_Goal of the exercise_: Reproduce word for word, from the entries below, the line with "(\<forall>i<n. a \<le>", the line with "set \<Rightarrow> (real", and every line between them, and nothing more.

================

definition abs_continuous_on_interval :: "(real \<Rightarrow> real) \<Rightarrow> real \<Rightarrow> real \<Rightarrow> bool" where
  "abs_continuous_on_interval f a b \<longleftrightarrow>
     (\<forall>\<epsilon>>0. \<exists>\<delta>>0. \<forall>(n::nat) (u::nat \<Rightarrow> real) (v::nat \<Rightarrow> real).
        (\<forall>i<n. a \<le> u i \<and> u i \<le> v i \<and> v i \<le> b)
        \<and> (\<forall>i<n. \<forall>j<n. i \<noteq> j \<longrightarrow> v i \<le> u j \<or> v j \<le> u i)
        \<and> (\<Sum>i<n. v i - u i) < \<delta>
        \<longrightarrow> (\<Sum>i<n. \<bar>f (v i) - f (u i)\<bar>) < \<epsilon>)"

definition locally_abs_continuous :: "(real \<Rightarrow> real) \<Rightarrow> bool" where
  "locally_abs_continuous f \<longleftrightarrow> (\<forall>a b. a \<le> b \<longrightarrow> abs_continuous_on_interval f a b)"

definition rat_independent :: "(real \<times> real) set \<Rightarrow> bool" where
  "rat_independent A \<longleftrightarrow> (\<forall>S (c :: real \<times> real \<Rightarrow> rat). finite S \<and> S \<subseteq> A
      \<and> (\<Sum>a\<in>S. of_rat (c a) *\<^sub>R a) = 0 \<longrightarrow> (\<forall>a\<in>S. c a = 0))"

definition rat_span :: "(real \<times> real) set \<Rightarrow> (real \<times> real) set" where
  "rat_span A = {v. \<exists>S (c :: real \<times> real \<Rightarrow> rat). finite S \<and> S \<subseteq> A
      \<and> v = (\<Sum>a\<in>S. of_rat (c a) *\<^sub>R a)}"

================

_The completed task_:
        (\<forall>i<n. a \<le> u i \<and> u i \<le> v i \<and> v i \<le> b)
        \<and> (\<forall>i<n. \<forall>j<n. i \<noteq> j \<longrightarrow> v i \<le> u j \<or> v j \<le> u i)
        \<and> (\<Sum>i<n. v i - u i) < \<delta>
        \<longrightarrow> (\<Sum>i<n. \<bar>f (v i) - f (u i)\<bar>) < \<epsilon>)"

definition locally_abs_continuous :: "(real \<Rightarrow> real) \<Rightarrow> bool" where
  "locally_abs_continuous f \<longleftrightarrow> (\<forall>a b. a \<le> b \<longrightarrow> abs_continuous_on_interval f a b)"

definition rat_independent :: "(real \<times> real) set \<Rightarrow> bool" where
  "rat_independent A \<longleftrightarrow> (\<forall>S (c :: real \<times> real \<Rightarrow> rat). finite S \<and> S \<subseteq> A
      \<and> (\<Sum>a\<in>S. of_rat (c a) *\<^sub>R a) = 0 \<longrightarrow> (\<forall>a\<in>S. c a = 0))"

definition rat_span :: "(real \<times> real) set \<Rightarrow> (real \<times> real) set" where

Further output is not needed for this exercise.